Granular tools (10+) vs coarse tools (3). Granular improves selection accuracy but inflates schema tokens in every request. Measure wrong-tool rate on a golden set.
Version tool descriptions in a registry (lookup_order@v3). A/B description changes like any API contract—with eval gates before full rollout.
Validate argument length and rate-limit per tool. search_policy with a 10KB query is a DoS vector against your vector DB.
Tool categories: read / write / compute + confirmation for writes
Classify every tool by side-effect profile. Read tools query state; write tools mutate external systems; compute tools run deterministic logic with no external IO. Apply different guardrails: parallelize reads; serialize writes; require human confirmation before high-stakes mutations.
Category matrix
| Category | Examples | Parallel? | HITL? | Idempotency |
|---|---|---|---|---|
| Read | lookup_order, search_policy, get_balance | Yes | No | Optional (cache keys) |
| Write | issue_refund, send_email, update_address | No (or queued) | Yes for high impact | Required |
| Compute | calculate_shipping, format_table, validate_iban | Yes | No | N/A (pure function) |
Confirmation pattern for writes
- Model calls write tool → router intercepts before execute.
- Present pending action to user or approver queue: tool name, args, human-readable diff.
- On approve: execute with idempotency key tied to tool_call_id or tool_use_id.
- On reject: inject tool result {"status":"denied_by_user"} so the model apologizes and offers alternatives.
- On timeout: inject {"status":"approval_expired"}; model asks user to restate intent.
Registry metadata drives policy
from enum import Enum
class ToolKind(str, Enum):
READ = "read"
WRITE = "write"
COMPUTE = "compute"
TOOL_META = {
"lookup_order": {"kind": ToolKind.READ, "timeout_sec": 5},
"search_policy": {"kind": ToolKind.READ, "timeout_sec": 5},
"issue_refund": {"kind": ToolKind.WRITE, "requires_approval": True, "risk_tier": "high"},
"calculate_shipping": {"kind": ToolKind.COMPUTE, "timeout_sec": 2},
}
WRITE_TOOLS = {n for n, m in TOOL_META.items() if m["kind"] == ToolKind.WRITE}
READ_TOOLS = {n for n, m in TOOL_META.items() if m["kind"] in (ToolKind.READ, ToolKind.COMPUTE)}
public enum ToolKind { READ, WRITE, COMPUTE }
public record ToolMeta(ToolKind kind, boolean requiresApproval, int timeoutSec, String riskTier) {}
Map<String, ToolMeta> registry = Map.of(
"lookup_order", new ToolMeta(ToolKind.READ, false, 5, "low"),
"issue_refund", new ToolMeta(ToolKind.WRITE, true, 30, "high")
);
Gray-area tools
Some tools blur lines: create_support_ticket writes to Zendesk but feels "safe." Rule of thumb: if a customer or finance system observes the effect without another human step, treat as write. Log-only internal annotations may be medium tier—auto-execute with audit.

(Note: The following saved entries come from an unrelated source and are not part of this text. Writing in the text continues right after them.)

lemma abs_integral_le_weighted_Cauchy_Schwarz:
  fixes p w :: "'a::euclidean_space \<Rightarrow> real"
  assumes p: "p integrable_on S" and q: "(\<lambda>x. (p x)\<^sup>2 / w x) integrable_on S"
    and w: "w integrable_on S" and w_pos: "\<And>x. x \<in> S \<Longrightarrow> 0 < w x" and "0 < integral S w"
  shows "\<bar>integral S p\<bar> \<le> sqrt (integral S (\<lambda>x. (p x)\<^sup>2 / w x) * integral S w)"
proof (rule le_sqrt_mult_if_AM_GM_bound)
  fix l :: real assume "0 < l"
  let ?Q = "\<lambda>x. (p x)\<^sup>2 / w x"
  have pointwise: "norm ((2 * l) *\<^sub>R p x) \<le> l\<^sup>2 *\<^sub>R ?Q x + w x" if "x \<in> S" for x
  proof -
    have "0 \<le> (l * \<bar>p x\<bar> - w x)\<^sup>2 / w x"
      using w_pos[OF that] by simp
    then show ?thesis
      using \<open>0 < l\<close> w_pos[OF that] by (simp add: abs_mult field_simps power2_eq_square)
  qed
  have "norm (integral S (\<lambda>x. (2 * l) *\<^sub>R p x)) \<le> integral S (\<lambda>x. l\<^sup>2 *\<^sub>R ?Q x + w x)"
    by (intro integral_norm_bound_integral integrable_cmul integrable_add p q w pointwise)
  then show "2 * l * \<bar>integral S p\<bar> \<le> l\<^sup>2 * integral S ?Q + integral S w"
    using \<open>0 < l\<close> unfolding integral_add[OF integrable_cmul[OF q] w] integral_cmul
    by (simp add: abs_mult)
next
  show "0 \<le> integral S (\<lambda>x. (p x)\<^sup>2 / w x)"
    using w_pos by (intro integral_nonneg q) (simp add: less_imp_le)
qed fact

lemma DERIV_le_sqrt_imp_diff_le:
  fixes f f' g :: "real \<Rightarrow> real"
  assumes "a < b"
    and f': "\<And>x. x \<in> {a..b} \<Longrightarrow> (f has_real_derivative f' x) (at x within {a..b})"
    and f'_le: "\<And>x. x \<in> {a..b} \<Longrightarrow> f' x \<le> sqrt (g x)"
    and g: "continuous_on {a..b} g" and g_nonneg: "\<And>x. x \<in> {a..b} \<Longrightarrow> 0 \<le> g x"
  shows "f b - f a \<le> sqrt (integral {a..b} g * (b - a))"
proof (rule le_sqrt_mult_if_AM_GM_bound)
  fix l :: real assume "0 < l"
  \<comment> \<open>\<open>\<psi>\<close> subtracts from \<open>2 l f\<close> the AM-GM majorant \<open>l\<^sup>2 g + 1\<close> of its derivative\<close>
  define \<psi> where "\<psi> x = 2 * l * f x - l\<^sup>2 * integral {a..x} g - x" for x
  have \<psi>': "(\<psi> has_real_derivative 2 * l * f' x - l\<^sup>2 * g x - 1) (at x within {a..b})"
    if "x \<in> {a..b}" for x
    unfolding \<psi>_def
    using f'[OF that] integral_has_real_derivative[OF g that]
    by (auto intro!: derivative_eq_intros)
  have \<psi>'_nonpos: "2 * l * f' x - l\<^sup>2 * g x - 1 \<le> 0" if "x \<in> {a..b}" for x
  proof -
    have "0 \<le> (l * sqrt (g x) - 1)\<^sup>2" by simp
    then have "2 * l * sqrt (g x) \<le> l\<^sup>2 * g x + 1"
      using g_nonneg[OF that] by (simp add: algebra_simps power2_eq_square)
    moreover have "2 * l * f' x \<le> 2 * l * sqrt (g x)"
      using f'_le[OF that] \<open>0 < l\<close> by simp
    ultimately show ?thesis by linarith
  qed
  have "\<psi> b \<le> \<psi> a"
  proof (rule DERIV_nonpos_imp_decreasing_open[of a b \<psi>])
    show "continuous_on {a..b} \<psi>"
      unfolding continuous_on_eq_continuous_within using \<psi>' by (blast intro: DERIV_continuous)
    fix x assume "a < x" "x < b"
    then have x: "x \<in> {a..b}" and "at x within {a..b} = at x"
      by (auto intro: at_within_interior)
    with \<psi>'[OF x] \<psi>'_nonpos[OF x]
    show "\<exists>y. (\<psi> has_real_derivative y) (at x) \<and> y \<le> 0" by metis
  qed (use \<open>a < b\<close> in simp)
  then show "2 * l * (f b - f a) \<le> l\<^sup>2 * integral {a..b} g + (b - a)"
    by (simp add: \<psi>_def algebra_simps)
next
  show "0 \<le> integral {a..b} g"
    using g g_nonneg by (intro integral_nonneg integrable_continuous_real)
qed (use \<open>a < b\<close> in simp)

lemma DERIV_abs_le_sqrt_imp_abs_diff_le:
  fixes f f' g :: "real \<Rightarrow> real"
  assumes "a \<le> b"
    and f': "\<And>x. x \<in> {a..b} \<Longrightarrow> (f has_real_derivative f' x) (at x within {a..b})"
    and f'_le: "\<And>x. x \<in> {a..b} \<Longrightarrow> \<bar>f' x\<bar> \<le> sqrt (g x)"
    and g: "continuous_on {a..b} g"
  shows "\<bar>f b - f a\<bar> \<le> sqrt (integral {a..b} g * (b - a))"
proof (cases "a = b")
  case False
  with \<open>a \<le> b\<close> have "a < b" by simp
  have g_nonneg: "0 \<le> g x" if "x \<in> {a..b}" for x
    using f'_le[OF that] abs_ge_zero order_trans real_sqrt_ge_0_iff by blast
  have "f b - f a \<le> sqrt (integral {a..b} g * (b - a))"
  proof (rule DERIV_le_sqrt_imp_diff_le[OF \<open>a < b\<close> f' _ g g_nonneg])
    show "f' x \<le> sqrt (g x)" if "x \<in> {a..b}" for x
      using f'_le[OF that] by linarith
  qed
  moreover have "(- f b) - (- f a) \<le> sqrt (integral {a..b} g * (b - a))"
  proof (rule DERIV_le_sqrt_imp_diff_le[OF \<open>a < b\<close> _ _ g g_nonneg])
    fix x assume "x \<in> {a..b}"
    show "((\<lambda>x. - f x) has_real_derivative - f' x) (at x within {a..b})"
      using f'[OF \<open>x \<in> {a..b}\<close>] by (rule DERIV_minus)
    show "- f' x \<le> sqrt (g x)"
      using f'_le[OF \<open>x \<in> {a..b}\<close>] by linarith
  qed
  ultimately show ?thesis by linarith
qed simp

lemma has_real_derivative_norm:
  fixes g :: "real \<Rightarrow> 'a::real_inner"
  assumes g: "(g has_vector_derivative g') (at t within S)" and "g t \<noteq> 0"
  shows "((\<lambda>t. norm (g t)) has_real_derivative (g t \<bullet> g') / norm (g t)) (at t within S)"
proof -
  have "((\<lambda>t. norm (g t)) has_derivative (\<lambda>h. (h *\<^sub>R g') \<bullet> sgn (g t))) (at t within S)"
    using has_derivative_compose[OF g[unfolded has_vector_derivative_def] has_derivative_norm[OF \<open>g t \<noteq> 0\<close>]]
    by simp
  moreover have "(\<lambda>h. (h *\<^sub>R g') \<bullet> sgn (g t)) = (*) ((g t \<bullet> g') / norm (g t))"
    by (simp add: fun_eq_iff sgn_div_norm inner_commute field_simps)
  ultimately show ?thesis
    by (simp add: has_field_derivative_def)
qed

lemma inner_sq_le_norm_orthogonal_component:
  fixes k t w :: "'a::real_inner"
  assumes "k \<bullet> t = 0"
  shows "(k \<bullet> w)\<^sup>2 \<le> (norm k)\<^sup>2 * (norm (w - (w \<bullet> t) *\<^sub>R t))\<^sup>2"
proof -
  have "k \<bullet> w = k \<bullet> (w - (w \<bullet> t) *\<^sub>R t)"
    using assms by (simp add: inner_diff_right)
  also have "\<bar>\<dots>\<bar> \<le> norm k * norm (w - (w \<bullet> t) *\<^sub>R t)"
    by (rule Cauchy_Schwarz_ineq2)
  finally show ?thesis
    by (metis abs_ge_zero power2_abs power_mono power_mult_distrib)
qed

locale smooth_strip_map =
  fixes C :: "real \<times> real \<Rightarrow> 'a::euclidean_space"
    and D :: "(real \<times> real) list \<Rightarrow> real \<times> real \<Rightarrow> 'a"
    and U :: "(real \<times> real) set"
  assumes D_Nil: "D [] = C"
    and has_derivative_D: "\<And>ds x. x \<in> U \<Longrightarrow> (D ds has_derivative (\<lambda>h. D (h # ds) x)) (at x)"
    and strip_subset: "UNIV \<times> {0..1} \<subseteq> U"
begin

text \<open>\<open>D [h\<^sub>n, \<dots>, h\<^sub>1]\<close> is \<open>\<partial>\<^sub>h\<^sub>n \<dots> \<partial>\<^sub>h\<^sub>1 C\<close>: the head of the list is the last direction
  of differentiation. So \<open>C\<^sub>\<theta>\<^sub>v\<close> below is \<open>\<partial>\<^sub>v \<partial>\<^sub>\<theta> C\<close> and \<open>C\<^sub>v\<^sub>\<theta>\<close> is \<open>\<partial>\<^sub>\<theta> \<partial>\<^sub>v C\<close>.\<close>

abbreviation "C\<^sub>\<theta> \<theta> v \<equiv> D [(1, 0)] (\<theta>, v)"
abbreviation "C\<^sub>v \<theta> v \<equiv> D [(0, 1)] (\<theta>, v)"
abbreviation "C\<^sub>\<theta>\<^sub>\<theta> \<theta> v \<equiv> D [(1, 0), (1, 0)] (\<theta>, v)"
abbreviation "C\<^sub>\<theta>\<^sub>v \<theta> v \<equiv> D [(0, 1), (1, 0)] (\<theta>, v)"
abbreviation "C\<^sub>v\<^sub>\<theta> \<theta> v \<equiv> D [(1, 0), (0, 1)] (\<theta>, v)"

Classifying send_email_to_customer as read because it "only reads a template." If the recipient receives mail, it is a write—confirm before send.

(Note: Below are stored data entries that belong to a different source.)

lemma facet_with_new_row:
  assumes d: "is_path n R s" and n: "n \<ge> 2" and x: "x \<in> path_set n R s"
    and only: "\<forall>y\<in>path_set n R s. snd y = snd x \<longrightarrow> y = x" and ne: "path_set n R s \<noteq> {x}"
  shows "\<exists>G\<in>facets (Delta' n). path_set n R s - {x} \<subseteq> G \<and> fst ` G = insert (snd x) R"
proof -
  let ?F = "path_set n R s" and ?P = "path_set n R s - {x}"
  note rc = path_set_rows_cols[OF d n]
  have F: "?F \<in> facets (Delta' n)" using facets_Delta'_iff_path[OF n] d by blast
  have fP: "face n ?P" using face_subset[OF path_set_facet(1)[OF d]] by blast
  have sx: "snd x \<in> {1..n} - R" using rc(2) x by blast
  have "snd x \<notin> snd ` ?P"
  proof
    assume "snd x \<in> snd ` ?P"
    then obtain y where "snd x = snd y" "y \<in> ?P" by (rule imageE)
    then show False using only by auto
  qed
  moreover have "snd x \<notin> fst ` ?P" using rc(1) sx by blast
  moreover have "?P \<noteq> {}" using ne x by blast
  ultimately obtain c where c: "c \<in> snd ` ?P" "face n (insert (snd x, c) ?P)"
    using face_insert_new_row[OF fP _ _] sx by (metis DiffD1)
  define G where "G = insert (snd x, c) ?P"
  have "(snd x, c) \<notin> ?P" using \<open>snd x \<notin> fst ` ?P\<close> by (metis fst_conv image_eqI)
  then have GF: "G \<in> facets (Delta' n)" unfolding G_def using facet_replace_point[OF F n x _ c(2)] by blast
  then have "face n G" "card G = n - 1" using facets_Delta'_iff[OF n] by auto
  then have ind: "fst ` G \<union> snd ` G = {1..n}" using face_indices_eq n by blast
  have "snd ` G \<subseteq> {1..n} - R" using c(1) rc(2) by (auto simp: G_def)
  moreover have "fst ` G \<subseteq> insert (snd x) R" using rc(1) by (auto simp: G_def)
  moreover have "insert (snd x) R \<subseteq> fst ` G"
  proof
    fix r assume r: "r \<in> insert (snd x) R"
    show "r \<in> fst ` G"
    proof (cases "r = snd x")
      case True
      then show ?thesis by (simp add: G_def)
    next
      case False
      then have "r \<in> {1..n}" "r \<notin> snd ` G"
        using r d \<open>snd ` G \<subseteq> {1..n} - R\<close> by (auto simp: is_path_def)
      then show ?thesis using ind by blast
    qed
  qed
  ultimately have "fst ` G = insert (snd x) R" by (meson subset_antisym)
  moreover have "?P \<subseteq> G" by (auto simp: G_def)
  ultimately show ?thesis using GF by blast
qed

WRITE_TOOLS=issue_refund,send_email in env; router refuses writes when HITL_MODE=required and no approval token is present on the request context.

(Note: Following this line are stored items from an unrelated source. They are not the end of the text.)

(* Let $q \equiv 1 \pmod{14}$ be a prime power, let $\rho$ be a primitive element of $\mathbb F_q$, and let $g,h \in (\mathbb Z_2^3)^*$ with $g\neq h$. Then (i) $c^7_q\big(\Psi_1(h-g)-\Psi_1(g),\ \Psi_1(h)-\Psi_1(g)\big) = c^7_q(1,5)$; (ii) $c^7_q\big(\Psi_2(h-g)-\Psi_2(g),\ \Psi_2(h)-\Psi_2(g)\big) = c^7_q(1,3)$.
   Context: $(\mathbb Z_2^3)^* = \mathbb Z_2^3\setminus\{0\}$; elements are written $(x_2,x_1,x_0)$ and $\hat x\in\{0,1\}$ denotes the integer representative of $x\in\mathbb Z_2$. Define $\phi(x_2,x_1,x_0) = \hat x_0 + 2\hat x_1 + 4\hat x_2 \pmod 7$, $\operatorname{wt}(x_2,x_1,x_0) = \hat x_0+\hat x_1+\hat x_2$, $\sigma_+(x_2,x_1,x_0) = (x_1,x_0,x_2)$, $\sigma_-(x_2,x_1,x_0) = (x_0,x_2,x_1)$. Define $\Psi_1,\Psi_2 : (\mathbb Z_2^3)^* \to \mathbb Z_7$ by $\Psi_1(\mathbf x) = \phi(\sigma_+(\mathbf x))$ if $\operatorname{wt}(\mathbf x)$ is odd and $\phi(\sigma_-(\mathbf x))$ if even; $\Psi_2(\mathbf x) = \phi(\sigma_+(\mathbf x)+\mathbf x)$ if $\operatorname{wt}(\mathbf x)$ is odd and $\phi((1,1,1)+\mathbf x)$ if even. Cyclotomic numbers: write $q = 14r+1$; for $i\in\mathbb Z_7$, $C^7_q(i)=\{\rho^{7j+i}: 0\le j\le 2r-1\}$, and $c^7_q(a,b)=|(C^7_q(a)+1)\cap C^7_q(b)|$ for $a,b\in\mathbb Z_7$. *)

theory Defs
  imports Main
begin

text \<open>Elements of Z_2^3 are triples (x2, x1, x0) of booleans (True = 1).\<close>
type_synonym z23 = "bool \<times> bool \<times> bool"

definition zero23 :: z23 where "zero23 = (False, False, False)"

definition bval :: "bool \<Rightarrow> int" where "bval b = (if b then 1 else 0)"

fun add23 :: "z23 \<Rightarrow> z23 \<Rightarrow> z23" where
  "add23 (a2, a1, a0) (b2, b1, b0) = (a2 \<noteq> b2, a1 \<noteq> b1, a0 \<noteq> b0)"

fun neg23 :: "z23 \<Rightarrow> z23" where
  "neg23 (a2, a1, a0) = (a2, a1, a0)"

definition sub23 :: "z23 \<Rightarrow> z23 \<Rightarrow> z23" where
  "sub23 x y = add23 x (neg23 y)"

text \<open>Values in Z_7 are represented by integers in {0..6}.\<close>
fun phi :: "z23 \<Rightarrow> int" where
  "phi (x2, x1, x0) = (bval x0 + 2 * bval x1 + 4 * bval x2) mod 7"

fun wt :: "z23 \<Rightarrow> int" where
  "wt (x2, x1, x0) = bval x0 + bval x1 + bval x2"

fun sigma_plus :: "z23 \<Rightarrow> z23" where
  "sigma_plus (x2, x1, x0) = (x1, x0, x2)"

fun sigma_minus :: "z23 \<Rightarrow> z23" where
  "sigma_minus (x2, x1, x0) = (x0, x2, x1)"

definition Psi1 :: "z23 \<Rightarrow> int" where
  "Psi1 x = (if odd (wt x) then phi (sigma_plus x) else phi (sigma_minus x))"

definition Psi2 :: "z23 \<Rightarrow> int" where
  "Psi2 x = (if odd (wt x) then phi (add23 (sigma_plus x) x)
             else phi (add23 (True, True, True) x))"

definition primitive_element :: "'a::{finite,field} \<Rightarrow> bool" where
  "primitive_element \<rho> \<longleftrightarrow> \<rho> \<noteq> 0 \<and> (\<forall>x. x \<noteq> 0 \<longrightarrow> (\<exists>k::nat. x = \<rho> ^ k))"

text \<open>Cyclotomic class C^7_q(i), q = CARD('a) = 14 r + 1; index i taken modulo 7.\<close>
definition cyc_class :: "'a::{finite,field} \<Rightarrow> int \<Rightarrow> 'a set" where
  "cyc_class \<rho> i =
     {\<rho> ^ (7 * j + nat (i mod 7)) | j. j < 2 * ((card (UNIV :: 'a set) - 1) div 14)}"

definition cyc_num :: "'a::{finite,field} \<Rightarrow> int \<Rightarrow> int \<Rightarrow> nat" where
  "cyc_num \<rho> a b = card ((\<lambda>x. x + 1) ` cyc_class \<rho> a \<inter> cyc_class \<rho> b)"

end

theory Submission
  imports Defs
begin

(* The classes C(i) are the cosets of the subgroup of seventh powers in the multiplicative
   group of F_q, so c(a,b) counts the y with y - 1 \<in> C(a) and y \<in> C(b) and depends only on
   a, b mod 7. The substitution y \<mapsto> 1 - y turns c(a,b) into c(b,a), because -1 is a seventh
   power when (q - 1)/7 is even, and y \<mapsto> y/(y - 1) turns it into c(-a, b - a). Hence c is
   constant on the orbits (of size at most six) of these two maps acting on pairs of residues,
   and checking the 42 pairs (g,h) shows that the Psi-differences always lie in the orbit of
   (1,5), resp. (1,3). *)

lemma finite_field_power_card_minus_one:
  fixes x :: "'a::{finite,field}"
  assumes "x \<noteq> 0"
  shows "x ^ (card (UNIV :: 'a set) - 1) = 1"
proof -
  have "(\<Prod>y\<in>UNIV-{0}. x * y) = (\<Prod>y\<in>UNIV-{0::'a}. y)"
    by (rule prod.reindex_bij_witness[of _ "\<lambda>y. y / x" "\<lambda>y. x * y"]) (use assms in auto)
  moreover have "(\<Prod>y\<in>UNIV-{0}. x * y) = x ^ card (UNIV - {0::'a}) * (\<Prod>y\<in>UNIV-{0::'a}. y)"
    by (simp add: prod.distrib)
  moreover have "(\<Prod>y\<in>UNIV-{0::'a}. y) \<noteq> 0"
    by simp
  ultimately show ?thesis
    by (simp add: card_Diff_singleton)
qed

lemma finite_field_card_minus_one_pos: "card (UNIV :: 'a::{finite,field} set) - 1 > 0"
proof -
  have "card {0::'a, 1} \<le> card (UNIV :: 'a set)"
    by (rule card_mono) simp_all
  moreover have "card {0::'a, 1} = 2"
    by simp
  ultimately show ?thesis
    by linarith
qed

lemma primitive_element_nonzero: "primitive_element \<rho> \<Longrightarrow> \<rho> \<noteq> 0"
  unfolding primitive_element_def by simp

lemma finite_field_power_mod_card_minus_one:
  fixes x :: "'a::{finite,field}"
  assumes "x \<noteq> 0"
  shows "x ^ k = x ^ (k mod (card (UNIV :: 'a set) - 1))"
proof -
  let ?n = "card (UNIV :: 'a set) - 1"
  have "x ^ k = x ^ (?n * (k div ?n) + k mod ?n)"
    by simp
  also have "\<dots> = (x ^ ?n) ^ (k div ?n) * x ^ (k mod ?n)"
    by (simp only: power_add power_mult)
  finally show ?thesis
    using finite_field_power_card_minus_one[OF assms] by simp
qed

lemma primitive_element_power_eq_iff:
  fixes \<rho> :: "'a::{finite,field}"
  assumes "primitive_element \<rho>"
  shows "\<rho> ^ k = \<rho> ^ l \<longleftrightarrow> k mod (card (UNIV :: 'a set) - 1) = l mod (card (UNIV :: 'a set) - 1)"
proof -
  let ?n = "card (UNIV :: 'a set) - 1"
  have \<rho>: "\<rho> \<noteq> 0"
    using assms by (rule primitive_element_nonzero)
  have "(\<lambda>k. \<rho> ^ k) ` {..<?n} = UNIV - {0}"
  proof
    show "UNIV - {0} \<subseteq> (\<lambda>k. \<rho> ^ k) ` {..<?n}"
    proof
      fix x :: 'a
      assume "x \<in> UNIV - {0}"
      then obtain k where "x = \<rho> ^ k"
        using assms unfolding primitive_element_def by auto
      then have "x = \<rho> ^ (k mod ?n)"
        using finite_field_power_mod_card_minus_one[OF \<rho>] by simp
      moreover have "k mod ?n < ?n"
        using finite_field_card_minus_one_pos[where 'a='a] by simp
      ultimately show "x \<in> (\<lambda>k. \<rho> ^ k) ` {..<?n}"
        by blast
    qed
  qed (use \<rho> in auto)
  then have "inj_on (\<lambda>k. \<rho> ^ k) {..<?n}"
    by (intro eq_card_imp_inj_on) (simp_all add: card_Diff_singleton)
  moreover have "k mod ?n < ?n" "l mod ?n < ?n"
    using finite_field_card_minus_one_pos[where 'a='a] by simp_all
  ultimately have "\<rho> ^ (k mod ?n) = \<rho> ^ (l mod ?n) \<longleftrightarrow> k mod ?n = l mod ?n"
    by (auto dest: inj_onD)
  then show ?thesis
    using finite_field_power_mod_card_minus_one[OF \<rho>, of k] finite_field_power_mod_card_minus_one[OF \<rho>, of l]
    by simp
qed

lemma primitive_element_power_half:
  fixes \<rho> :: "'a::{finite,field}"
  assumes "primitive_element \<rho>" and "even (card (UNIV :: 'a set) - 1)"
  shows "\<rho> ^ ((card (UNIV :: 'a set) - 1) div 2) = - 1"
proof -
  let ?n = "card (UNIV :: 'a set) - 1"
  have "(\<rho> ^ (?n div 2)) ^ 2 = \<rho> ^ ?n"
    using assms(2) by (simp flip: power_mult)
  then have "(\<rho> ^ (?n div 2)) ^ 2 = 1"
    using finite_field_power_card_minus_one primitive_element_nonzero[OF assms(1)] by simp
  moreover have "(?n div 2) mod ?n \<noteq> 0 mod ?n"
    using assms(2) finite_field_card_minus_one_pos[where 'a='a] by (elim evenE) auto
  then have "\<rho> ^ (?n div 2) \<noteq> \<rho> ^ 0"
    using primitive_element_power_eq_iff[OF assms(1)] by blast
  ultimately show ?thesis
    by (simp add: power2_eq_1_iff)
qed

definition cyclotomic_class :: "'a::field \<Rightarrow> int \<Rightarrow> int \<Rightarrow> 'a set" where
  "cyclotomic_class \<rho> e i = {\<rho> ^ k | k. int k mod e = i mod e}"

lemma cyclotomic_class_mod [simp]: "cyclotomic_class \<rho> e (i mod e) = cyclotomic_class \<rho> e i"
  unfolding cyclotomic_class_def by simp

Explain read/write split for parallel execution policy. Shows operational maturity beyond demo agent loops that treat every tool the same.
Write tools hit payment and email APIs—duplicate execution cost dwarfs LLM tokens. Idempotency keys keyed to provider call IDs are non-negotiable on refunds.
Parallel calling: N simultaneous tools
When the model returns N read-only tool calls in one turn, execute them concurrently to minimize wall-clock latency. Never parallelize writes unless your backend supports isolated transactions and you enforce per-resource locking.
OpenAI's parallel_tool_calls and Anthropic multi-tool_use turns are only wins if your executor cooperates. A sequential loop over three lookup_order calls triples latency; a thread pool with sane limits cuts it toward the slowest single dependency.
When to parallelize
- All calls classified as READ or COMPUTE per registry metadata
- Handlers are thread-safe or pure async without shared mutable state
- Downstream APIs have headroom (bulkhead / circuit breaker not open)
- Total fan-out ≤ configured max (commonly 8)
When to refuse parallel fan-out
- Any write tool in the batch—split reads parallel, writes sequential
- Tools hitting the same row (two updates to one order)—serialize or merge
- Global rate limit on a shared API key—use semaphore per dependency
import json
from concurrent.futures import ThreadPoolExecutor, as_completed
def execute_tool_calls(request_id: str, round_num: int, tool_calls: list) -> list[tuple[str, str, str]]:
"""Returns (tool_call_id, name, output_json)."""
read_calls = [c for c in tool_calls if c.function.name in READ_TOOLS]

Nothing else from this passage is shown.